SUPPLIED RECORDS START

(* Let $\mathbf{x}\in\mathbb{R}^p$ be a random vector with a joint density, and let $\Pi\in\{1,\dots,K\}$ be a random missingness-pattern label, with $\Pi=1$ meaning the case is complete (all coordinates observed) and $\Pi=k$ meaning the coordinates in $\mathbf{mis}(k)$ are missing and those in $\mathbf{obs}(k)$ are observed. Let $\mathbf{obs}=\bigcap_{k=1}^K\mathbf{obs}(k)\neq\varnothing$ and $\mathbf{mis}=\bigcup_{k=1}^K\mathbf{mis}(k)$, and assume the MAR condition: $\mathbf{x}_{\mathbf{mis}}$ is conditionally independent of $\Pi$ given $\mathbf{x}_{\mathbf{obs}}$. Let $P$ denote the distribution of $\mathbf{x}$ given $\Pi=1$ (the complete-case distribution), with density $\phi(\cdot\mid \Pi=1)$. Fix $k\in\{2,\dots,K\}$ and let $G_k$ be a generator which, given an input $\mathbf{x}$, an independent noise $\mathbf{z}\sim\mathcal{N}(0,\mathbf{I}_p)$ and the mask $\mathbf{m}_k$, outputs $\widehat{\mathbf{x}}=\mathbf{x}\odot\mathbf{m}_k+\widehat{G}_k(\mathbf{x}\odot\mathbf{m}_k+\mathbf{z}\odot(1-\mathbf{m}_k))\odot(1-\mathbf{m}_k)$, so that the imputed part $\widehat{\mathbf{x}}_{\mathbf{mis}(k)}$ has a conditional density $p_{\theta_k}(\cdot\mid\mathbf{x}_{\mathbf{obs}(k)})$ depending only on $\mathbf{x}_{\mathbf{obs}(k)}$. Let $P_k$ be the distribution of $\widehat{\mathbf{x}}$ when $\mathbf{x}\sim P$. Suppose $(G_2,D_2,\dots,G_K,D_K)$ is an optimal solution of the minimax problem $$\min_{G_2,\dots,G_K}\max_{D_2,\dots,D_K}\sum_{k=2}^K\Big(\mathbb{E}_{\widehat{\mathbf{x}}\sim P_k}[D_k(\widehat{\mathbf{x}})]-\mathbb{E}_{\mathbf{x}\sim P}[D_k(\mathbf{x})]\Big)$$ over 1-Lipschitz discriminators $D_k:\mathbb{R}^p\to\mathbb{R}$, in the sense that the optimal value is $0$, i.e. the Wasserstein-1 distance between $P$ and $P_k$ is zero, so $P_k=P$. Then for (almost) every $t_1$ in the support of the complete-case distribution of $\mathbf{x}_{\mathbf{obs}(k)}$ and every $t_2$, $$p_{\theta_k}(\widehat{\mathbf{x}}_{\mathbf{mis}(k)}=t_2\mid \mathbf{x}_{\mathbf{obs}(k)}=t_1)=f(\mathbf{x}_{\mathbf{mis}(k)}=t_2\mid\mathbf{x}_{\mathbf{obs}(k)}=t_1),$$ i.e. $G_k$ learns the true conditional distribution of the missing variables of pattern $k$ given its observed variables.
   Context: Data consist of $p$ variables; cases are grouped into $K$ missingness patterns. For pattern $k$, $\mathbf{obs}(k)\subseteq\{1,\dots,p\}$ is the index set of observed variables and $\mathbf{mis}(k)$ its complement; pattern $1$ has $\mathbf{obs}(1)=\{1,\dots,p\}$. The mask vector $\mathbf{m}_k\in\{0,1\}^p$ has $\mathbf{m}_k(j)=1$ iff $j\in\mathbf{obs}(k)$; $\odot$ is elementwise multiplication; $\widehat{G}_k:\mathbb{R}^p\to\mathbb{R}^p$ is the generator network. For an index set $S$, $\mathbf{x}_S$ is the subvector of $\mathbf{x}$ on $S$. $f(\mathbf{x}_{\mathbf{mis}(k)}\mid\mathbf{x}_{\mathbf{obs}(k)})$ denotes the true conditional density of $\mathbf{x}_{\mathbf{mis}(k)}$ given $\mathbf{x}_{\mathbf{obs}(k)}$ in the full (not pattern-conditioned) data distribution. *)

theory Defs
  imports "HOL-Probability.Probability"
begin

SUPPLIED RECORDS END

WHAT THE EXERCISE ASKS -
Write out the data exactly as it stands.

OUTPUT FOR THIS TASK -
(* Let $\mathbf{x}\in\mathbb{R}^p$ be a random vector with a joint density, and let $\Pi\in\{1,\dots,K\}$ be a random missingness-pattern label, with $\Pi=1$ meaning the case is complete (all coordinates observed) and $\Pi=k$ meaning the coordinates in $\mathbf{mis}(k)$ are missing and those in $\mathbf{obs}(k)$ are observed. Let $\mathbf{obs}=\bigcap_{k=1}^K\mathbf{obs}(k)\neq\varnothing$ and $\mathbf{mis}=\bigcup_{k=1}^K\mathbf{mis}(k)$, and assume the MAR condition: $\mathbf{x}_{\mathbf{mis}}$ is conditionally independent of $\Pi$ given $\mathbf{x}_{\mathbf{obs}}$. Let $P$ denote the distribution of $\mathbf{x}$ given $\Pi=1$ (the complete-case distribution), with density $\phi(\cdot\mid \Pi=1)$. Fix $k\in\{2,\dots,K\}$ and let $G_k$ be a generator which, given an input $\mathbf{x}$, an independent noise $\mathbf{z}\sim\mathcal{N}(0,\mathbf{I}_p)$ and the mask $\mathbf{m}_k$, outputs $\widehat{\mathbf{x}}=\mathbf{x}\odot\mathbf{m}_k+\widehat{G}_k(\mathbf{x}\odot\mathbf{m}_k+\mathbf{z}\odot(1-\mathbf{m}_k))\odot(1-\mathbf{m}_k)$, so that the imputed part $\widehat{\mathbf{x}}_{\mathbf{mis}(k)}$ has a conditional density $p_{\theta_k}(\cdot\mid\mathbf{x}_{\mathbf{obs}(k)})$ depending only on $\mathbf{x}_{\mathbf{obs}(k)}$. Let $P_k$ be the distribution of $\widehat{\mathbf{x}}$ when $\mathbf{x}\sim P$. Suppose $(G_2,D_2,\dots,G_K,D_K)$ is an optimal solution of the minimax problem $$\min_{G_2,\dots,G_K}\max_{D_2,\dots,D_K}\sum_{k=2}^K\Big(\mathbb{E}_{\widehat{\mathbf{x}}\sim P_k}[D_k(\widehat{\mathbf{x}})]-\mathbb{E}_{\mathbf{x}\sim P}[D_k(\mathbf{x})]\Big)$$ over 1-Lipschitz discriminators $D_k:\mathbb{R}^p\to\mathbb{R}$, in the sense that the optimal value is $0$, i.e. the Wasserstein-1 distance between $P$ and $P_k$ is zero, so $P_k=P$. Then for (almost) every $t_1$ in the support of the complete-case distribution of $\mathbf{x}_{\mathbf{obs}(k)}$ and every $t_2$, $$p_{\theta_k}(\widehat{\mathbf{x}}_{\mathbf{mis}(k)}=t_2\mid \mathbf{x}_{\mathbf{obs}(k)}=t_1)=f(\mathbf{x}_{\mathbf{mis}(k)}=t_2\mid\mathbf{x}_{\mathbf{obs}(k)}=t_1),$$ i.e. $G_k$ learns the true conditional distribution of the missing variables of pattern $k$ given its observed variables.
   Context: Data consist of $p$ variables; cases are grouped into $K$ missingness patterns. For pattern $k$, $\mathbf{obs}(k)\subseteq\{1,\dots,p\}$ is the index set of observed variables and $\mathbf{mis}(k)$ its complement; pattern $1$ has $\mathbf{obs}(1)=\{1,\dots,p\}$. The mask vector $\mathbf{m}_k\in\{0,1\}^p$ has $\mathbf{m}_k(j)=1$ iff $j\in\mathbf{obs}(k)$; $\odot$ is elementwise multiplication; $\widehat{G}_k:\mathbb{R}^p\to\mathbb{R}^p$ is the generator network. For an index set $S$, $\mathbf{x}_S$ is the subvector of $\mathbf{x}$ on $S$. $f(\mathbf{x}_{\mathbf{mis}(k)}\mid\mathbf{x}_{\mathbf{obs}(k)})$ denotes the true conditional density of $\mathbf{x}_{\mathbf{mis}(k)}$ given $\mathbf{x}_{\mathbf{obs}(k)}$ in the full (not pattern-conditioned) data distribution. *)

theory Defs
  imports "HOL-Probability.Probability"
begin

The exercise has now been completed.